Through the dusty windows I saw Straffordshire dogs and majolica cats, dusty crystal, tarnished silver, antique chairs and settees upholstered in sallow old brocade, an elaborate falence birdcage, miniature marble obelisks atop a marble-topped pedestal table and a pair of alabaster cockatoos. It was just the kind of shop my mother would have liked—packed tightly, a bit dilapidated, with stacks of old books on the floor.
As the novel progressed, I felt, at times, more keenly aware of Tartt's strategies (as a sentence maker, as a storyteller) than I perhaps wanted to feel. I also felt wearied away by the deep seediness of the majority of the characters, save for Hobie and Pippa, the antiques dealer and his young charge, and Theo's absent mother. Theo can barely rescue himself from the tortured person that he is, from all the bad that he reeks and reaps. There are, in all these many pages, few instances of light. At times all the rot began to weigh me down, no matter how immaculately Tartt evoked it:
But depression wasn't the word. This was a plunge encompassing sorrow and revulsion far beyond the personal: a sick, drenching nausea at all humanity and human endeavor from the dawn of time. The writing loathsomeness of the biological order. Old age, sickness, death. No escape for anyone. Even the beautiful ones were like soft fruit about to spoil.
Still, Tartt rises, symphonically, at the end. Asks the big moral questions about how much control any of us really have about who we are, what we want, how we see the world, how we navigate through it. Indeed, I found the final pages of the book—after the caper elements of the plot had long been put to rest—to be the most thrilling in the book, the mark of all that greatness for which Tartt is justifiably famous.

5 comments:

Becca said...

I am about 3/4 of the way to the end, and because I always want to champion the young I have been rooting so hard for theo to find his way. But just now I am discouraged at the choices he has made. I also think Hobie is a glorious character, and certainly represents hope and redemption for me in this very Dickens-Ian tale.

I recently re-read The Secret History, and am struck by the similarities of theme and style.

Caroline Starr Rose said...

I haven't read this yet but absolutely devoured THE SECRET HISTORY.

Barbara DeMarco-Barrett said...

I fell into the novel in an indescribable way. Then I read The Secret History, which I also devoured. The Goldfinch is my favorite novel of 2013.

Unknown said...

It took eight days, but I triumphed and finished The Goldfinch. Tartt's sentence structure is indeed exquisite and demands a careful read.
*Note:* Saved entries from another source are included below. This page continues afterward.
definition pd_kernel :: "'a set \<Rightarrow> ('a \<Rightarrow> 'a \<Rightarrow> real) \<Rightarrow> bool" where
  "pd_kernel S k \<longleftrightarrow> (\<forall>x\<in>S. \<forall>y\<in>S. k x y = k y x) \<and>
     (\<forall>(F::nat) (p::nat \<Rightarrow> 'a) (c::nat \<Rightarrow> real). (\<forall>i<F. p i \<in> S) \<longrightarrow>
        0 \<le> (\<Sum>i<F. \<Sum>j<F. c i * c j * k (p i) (p j)))"

definition class_K :: "ereal \<Rightarrow> (real \<Rightarrow> real) \<Rightarrow> bool" where
  "class_K a \<alpha> \<longleftrightarrow> 0 < a \<and> continuous_on {t. 0 \<le> t \<and> ereal t < a} \<alpha> \<and>
     strict_mono_on {t. 0 \<le> t \<and> ereal t < a} \<alpha> \<and> \<alpha> 0 = 0 \<and>
     (\<forall>t. 0 \<le> t \<and> ereal t < a \<longrightarrow> 0 \<le> \<alpha> t)"

definition locally_lipschitz :: "('a::metric_space \<Rightarrow> 'b::metric_space) \<Rightarrow> bool" where
  "locally_lipschitz f \<longleftrightarrow> (\<forall>x. \<exists>e>0. \<exists>L. L-lipschitz_on (cball x e) f)"

definition C1_on :: "('a::real_normed_vector) set \<Rightarrow> ('a \<Rightarrow> real) \<Rightarrow> bool" where
  "C1_on S f \<longleftrightarrow> (\<exists>D. (\<forall>x\<in>S. (f has_derivative blinfun_apply (D x)) (at x)) \<and> continuous_on S D)"

definition nominal_deriv ::
  "(real^'n \<Rightarrow> real) \<Rightarrow> (real^'n \<Rightarrow> real^'n) \<Rightarrow> (real^'n \<Rightarrow> real^'m^'n) \<Rightarrow> real^'n \<Rightarrow> real^'m \<Rightarrow> real"
  where "nominal_deriv W fh gh x u =
     frechet_derivative W (at x) (fh x) + frechet_derivative W (at x) (gh x *v u)"

text \<open>Gaussian process with kernel y^T Lambda(x,x') y'. Base kernels kb indexed by 'm option;
  data X j (states), Y j (augmented inputs), j :: 'N.\<close>
definition Lam :: "('m::finite option \<Rightarrow> real^'n \<Rightarrow> real^'n \<Rightarrow> real) \<Rightarrow> real^'n \<Rightarrow> real^'n
     \<Rightarrow> real^('m option)^('m option)" where
  "Lam kb x x' = (\<chi> i j. if i = j then kb i x x' else 0)"

definition gram :: "('m::finite option \<Rightarrow> real^'n \<Rightarrow> real^'n \<Rightarrow> real) \<Rightarrow> ('N::finite \<Rightarrow> real^'n)
     \<Rightarrow> ('N \<Rightarrow> real^('m option)) \<Rightarrow> real^'N^'N" where
  "gram kb X Y = (\<chi> i j. \<Sum>l\<in>UNIV. Y i $ l * kb l (X i) (X j) * Y j $ l)"

definition kbar :: "('m::finite option \<Rightarrow> real^'n \<Rightarrow> real^'n \<Rightarrow> real) \<Rightarrow> ('N::finite \<Rightarrow> real^'n)
     \<Rightarrow> ('N \<Rightarrow> real^('m option)) \<Rightarrow> real^'n \<Rightarrow> real^'N^('m option)" where
  "kbar kb X Y x = (\<chi> l j. kb l x (X j) * Y j $ l)"

definition gp_mean :: "('m::finite option \<Rightarrow> real^'n \<Rightarrow> real^'n \<Rightarrow> real) \<Rightarrow> ('N::finite \<Rightarrow> real^'n)
     \<Rightarrow> ('N \<Rightarrow> real^('m option)) \<Rightarrow> real^'N \<Rightarrow> real \<Rightarrow> real^'n \<Rightarrow> real^('m option) \<Rightarrow> real" where
  "gp_mean kb X Y \<omega> sn2 x y =
     \<omega> \<bullet> (matrix_inv (gram kb X Y + sn2 *\<^sub>R mat 1) *v (transpose (kbar kb X Y x) *v y))"

definition gp_var :: "('m::finite option \<Rightarrow> real^'n \<Rightarrow> real^'n \<Rightarrow> real) \<Rightarrow> ('N::finite \<Rightarrow> real^'n)
     \<Rightarrow> ('N \<Rightarrow> real^('m option)) \<Rightarrow> real \<Rightarrow> real^'n \<Rightarrow> real^('m option) \<Rightarrow> real" where
  "gp_var kb X Y sn2 x y =
     y \<bullet> ((Lam kb x x - kbar kb X Y x ** matrix_inv (gram kb X Y + sn2 *\<^sub>R mat 1)
            ** transpose (kbar kb X Y x)) *v y)"

definition gp_sd :: "('m::finite option \<Rightarrow> real^'n \<Rightarrow> real^'n \<Rightarrow> real) \<Rightarrow> ('N::finite \<Rightarrow> real^'n)
     \<Rightarrow> ('N \<Rightarrow> real^('m option)) \<Rightarrow> real \<Rightarrow> real^'n \<Rightarrow> real^('m option) \<Rightarrow> real" where
  "gp_sd kb X Y sn2 x y = sqrt (gp_var kb X Y sn2 x y)"

text \<open>Standard SOCP data: variable z in R^nz (nat-indexed, zero beyond nz), nc cone constraints
  ||M^i z + n^i||_2 \<le> p^i . z + q^i, M^i having k i rows.\<close>
definition socp_feasible ::
  "nat \<Rightarrow> nat \<Rightarrow> (nat \<Rightarrow> nat) \<Rightarrow> (nat \<Rightarrow> nat \<Rightarrow> nat \<Rightarrow> real) \<Rightarrow> (nat \<Rightarrow> nat \<Rightarrow> real)
     \<Rightarrow> (nat \<Rightarrow> nat \<Rightarrow> real) \<Rightarrow> (nat \<Rightarrow> real) \<Rightarrow> (nat \<Rightarrow> real) \<Rightarrow> bool" where
  "socp_feasible nz nc k M nv p q z \<longleftrightarrow>
     (\<forall>j\<ge>nz. z j = 0) \<and>
     (\<forall>i<nc. sqrt (\<Sum>l<k i. ((\<Sum>j<nz. M i l j * z j) + nv i l)\<^sup>2) \<le> (\<Sum>j<nz. p i j * z j) + q i)"

text \<open>The problem  min J(w) s.t. w \<in> F  (w = (u,d)) is equivalent to a standard SOCP:
  there is an SOCP and a linear map z \<mapsto> (u,d) such that every feasible (u,d) is the image of
  an SOCP-feasible z whose cost equals J(u,d), and every SOCP-feasible z maps to a feasible
  (u,d) with J(u,d) \<le> cost(z). (Hence equal optimal values and corresponding optimisers.)\<close>
definition socp_equivalent :: "((real^('m::finite)) \<times> real) set \<Rightarrow> ((real^'m) \<times> real \<Rightarrow> real) \<Rightarrow> bool" where
  "socp_equivalent F J \<longleftrightarrow>
    (\<exists>(nz::nat) (nc::nat) k M nv p q (f::nat \<Rightarrow> real) (Pu::'m \<Rightarrow> nat \<Rightarrow> real) (Pd::nat \<Rightarrow> real).
      let proj = (\<lambda>z. ((\<chi> i. \<Sum>j<nz. Pu i j * z j), \<Sum>j<nz. Pd j * z j));
          cost = (\<lambda>z. \<Sum>j<nz. f j * z j)
      in (\<forall>w\<in>F. \<exists>z. socp_feasible nz nc k M nv p q z \<and> proj z = w \<and> cost z = J w) \<and>
         (\<forall>z. socp_feasible nz nc k M nv p q z \<longrightarrow> proj z \<in> F \<and> J (proj z) \<le> cost z))"

end

(*
  The posterior variance is a positive semidefinite quadratic form in y = [1, u]: it is the
  Schur complement, regularised by the noise, of the joint kernel Gram matrix at x and at the
  data points.  Writing a positive semidefinite form as a sum of squares of linear forms turns
  beta * sigma into the Euclidean norm of a linear function of y, while the nominal derivatives and
  the posterior means are linear in y.  Both constraints are therefore second-order cone
  constraints in (u, d).  The cost enters through an epigraph variable t and the rotated cone
  norm (u, sqrt rho * d, (t - 1) / 2) <= (t + 1) / 2.  Convexity of the feasible set and of the
  cost is inherited from the cone program, whose feasible set is convex and is mapped linearly
  onto the original variables.
*)
theory Submission
  imports Defs
begin

subsection \<open>Positive semidefinite quadratic forms\<close>

definition quad_form :: "'a set \<Rightarrow> ('a \<Rightarrow> 'a \<Rightarrow> real) \<Rightarrow> ('a \<Rightarrow> real) \<Rightarrow> real" where
  "quad_form I Q y = (\<Sum>a\<in>I. \<Sum>b\<in>I. Q a b * y a * y b)"

lemma quad_form_symmetrize: "quad_form I Q y = quad_form I (\<lambda>a b. (Q a b + Q b a) / 2) y"
proof -
  have "(\<Sum>a\<in>I. \<Sum>b\<in>I. Q b a * y a * y b) = (\<Sum>a\<in>I. \<Sum>b\<in>I. Q a b * y a * y b)"
    by (subst sum.swap) (simp add: mult_ac)
  then show ?thesis
    unfolding quad_form_def
    by (simp add: add_divide_distrib distrib_right sum.distrib sum_divide_distrib[symmetric])
qed

lemma quad_form_insert:
  assumes "finite I" "n \<notin> I"
  shows "quad_form (insert n I) Q y
           = quad_form I Q y + y n * (\<Sum>a\<in>I. (Q a n + Q n a) * y a) + Q n n * (y n)\<^sup>2"
  using assms unfolding quad_form_def
  by (simp add: sum.distrib distrib_right sum_distrib_left sum_distrib_right mult_ac power2_eq_square)
     (simp add: distrib_left sum.distrib mult_ac)

lemma quad_form_upd_outside: "n \<notin> I \<Longrightarrow> quad_form I Q (y(n := t)) = quad_form I Q y"
  unfolding quad_form_def by (intro sum.cong refl) auto

lemma quad_form_minus_rank_one:
  "quad_form I (\<lambda>a b. Q a b - v a * v b / s) y = quad_form I Q y - (\<Sum>a\<in>I. v a * y a)\<^sup>2 / s"
proof -
  have "(\<Sum>a\<in>I. \<Sum>b\<in>I. v a * v b / s * y a * y b) = (\<Sum>a\<in>I. v a * y a)\<^sup>2 / s"
    unfolding power2_eq_square sum_product sum_divide_distrib
    by (intro sum.cong refl) (simp add: mult_ac)
  then show ?thesis
    unfolding quad_form_def by (simp add: left_diff_distrib sum_subtractf)
qed

lemma quad_form_insert_symmetric:
  assumes "finite I" "n \<notin> I" and sym: "\<And>a b. Q a b = Q b a"
  shows "quad_form (insert n I) Q y
           = quad_form I Q y + 2 * y n * (\<Sum>a\<in>I. Q a n * y a) + Q n n * (y n)\<^sup>2"
proof -
  have "(\<Sum>a\<in>I. (Q a n + Q n a) * y a) = 2 * (\<Sum>a\<in>I. Q a n * y a)"
    unfolding sum_distrib_left by (intro sum.cong refl) (simp add: sym[of n])
  then show ?thesis
    unfolding quad_form_insert[OF assms(1,2)] by simp
qed

lemma psd_quad_form_insert_diagonal:
  assumes "finite I" "n \<notin> I" and sym: "\<And>a b. Q a b = Q b a"
    and psd: "\<forall>y. 0 \<le> quad_form (insert n I) Q y"
  shows "0 \<le> Q n n" and "Q n n = 0 \<Longrightarrow> (\<Sum>a\<in>I. Q a n * y a) = 0"
proof -
  have along_n: "quad_form (insert n I) Q (y(n := t))
      = quad_form I Q y + 2 * t * (\<Sum>a\<in>I. Q a n * y a) + Q n n * t\<^sup>2" for y t
  proof -
    have "(\<Sum>a\<in>I. Q a n * (y(n := t)) a) = (\<Sum>a\<in>I. Q a n * y a)"
      using assms(2) by (intro sum.cong) auto
    then show ?thesis
      unfolding quad_form_insert_symmetric[OF assms(1-3)] quad_form_upd_outside[OF assms(2)] by simp
  qed
  have "quad_form I Q (\<lambda>_. 0) = 0"
    by (simp add: quad_form_def)
  then show "0 \<le> Q n n"
    using psd[rule_format, of "(\<lambda>_. 0)(n := 1)"] along_n[of "\<lambda>_. 0" 1] by simp
  show "(\<Sum>a\<in>I. Q a n * y a) = 0" if "Q n n = 0"
  proof (rule ccontr)
    assume "(\<Sum>a\<in>I. Q a n * y a) \<noteq> 0"
    then have "quad_form (insert n I) Q (y(n := - (quad_form I Q y + 1) / (2 * (\<Sum>a\<in>I. Q a n * y a)))) = -1"
      unfolding along_n using \<open>Q n n = 0\<close> by (simp add: field_simps)
    then show False
      using psd by (metis neg_0_le_iff_le not_one_le_zero)
  qed
qed

lemma psd_quad_form_insert_split:
  assumes "finite I" "n \<notin> I" and sym: "\<And>a b. Q a b = Q b a"
    and psd: "\<forall>y. 0 \<le> quad_form (insert n I) Q y"
  shows "\<exists>Q' c. (\<forall>y. 0 \<le> quad_form I Q' y) \<and>
           (\<forall>y. quad_form (insert n I) Q y = quad_form I Q' y + (\<Sum>a\<in>insert n I. c a * y a)\<^sup>2)"
proof -
  define s where "s = Q n n"
  define \<beta> where "\<beta> y = (\<Sum>a\<in>I. Q a n * y a)" for y
  note diagonal = psd_quad_form_insert_diagonal[OF assms, folded s_def \<beta>_def]
  \<comment> \<open>Completing the square in the variable y n; for s = 0 the junk value x / 0 = 0 makes
    the same formulas work, because then \<beta> vanishes.\<close>
  define Q' where "Q' a b = Q a b - Q a n * Q b n / s" for a b
  define c where "c a = (if a = n then sqrt s else Q a n / sqrt s)" for a
  have Q'_eq: "quad_form I Q' y = quad_form I Q y - (\<beta> y)\<^sup>2 / s" for y
    unfolding Q'_def \<beta>_def by (rule quad_form_minus_rank_one)
  have c_sum: "(\<Sum>a\<in>insert n I. c a * y a) = sqrt s * y n + \<beta> y / sqrt s" for y
    using assms(1,2) unfolding c_def \<beta>_def by (auto simp: sum_divide_distrib intro!: sum.cong)
  have square: "(sqrt s * y n + \<beta> y / sqrt s)\<^sup>2 = s * (y n)\<^sup>2 + 2 * y n * \<beta> y + (\<beta> y)\<^sup>2 / s" for y
  proof (cases "s = 0")
    case True
    then show ?thesis using diagonal(2) by simp
  next
    case False
    then have "0 < s" using diagonal(1) by simp
    then show ?thesis by (simp add: power2_sum power_mult_distrib power_divide)
  qed
  have main: "quad_form (insert n I) Q y = quad_form I Q' y + (\<Sum>a\<in>insert n I. c a * y a)\<^sup>2" for y
  proof -
    have "quad_form (insert n I) Q y = quad_form I Q y + 2 * y n * \<beta> y + s * (y n)\<^sup>2"
      unfolding quad_form_insert_symmetric[OF assms(1-3)] s_def \<beta>_def ..
    then show ?thesis
      unfolding Q'_eq c_sum square by simp
  qed
  have "0 \<le> quad_form I Q' y" for y
  proof -
    define y' where "y' = y(n := - \<beta> y / s)"
    have \<beta>_y': "\<beta> y' = \<beta> y"
      unfolding \<beta>_def y'_def using assms(2) by (intro sum.cong) auto
    have "(\<Sum>a\<in>insert n I. c a * y' a) = 0"
      unfolding c_sum \<beta>_y' using diagonal
      by (cases "s = 0") (simp_all add: y'_def field_simps real_sqrt_divide)
    then have "quad_form (insert n I) Q y' = quad_form I Q' y'"
      using main[of y'] by simp
    also have "\<dots> = quad_form I Q' y"
      unfolding y'_def by (rule quad_form_upd_outside[OF assms(2)])
    finally show ?thesis using psd by metis
  qed
  then show ?thesis using main by blast
qed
I stalled two-thirds of the way through the book. Your reflections inspired me to soldier on, as you (rightly) promised a smashing ending.

Funny the plot, which suddenly accelerates near the end - all that action seemed oddly pasted in. I did love the way she so carefully described Theo's relationships - I could feel how he felt about certain people. My favourite character was his beloved mother - she was drawn with such accuracy and love. Eight days of reading well spent - and I learned art history, addiction and furniture restoration in the process...

Sarah Laurence said...

Excellent review, Beth! I waited to read it until I'd posted mine earlier this week, but we had a similar reaction. As I recall, The Secret History had tighter writing and was less bleak.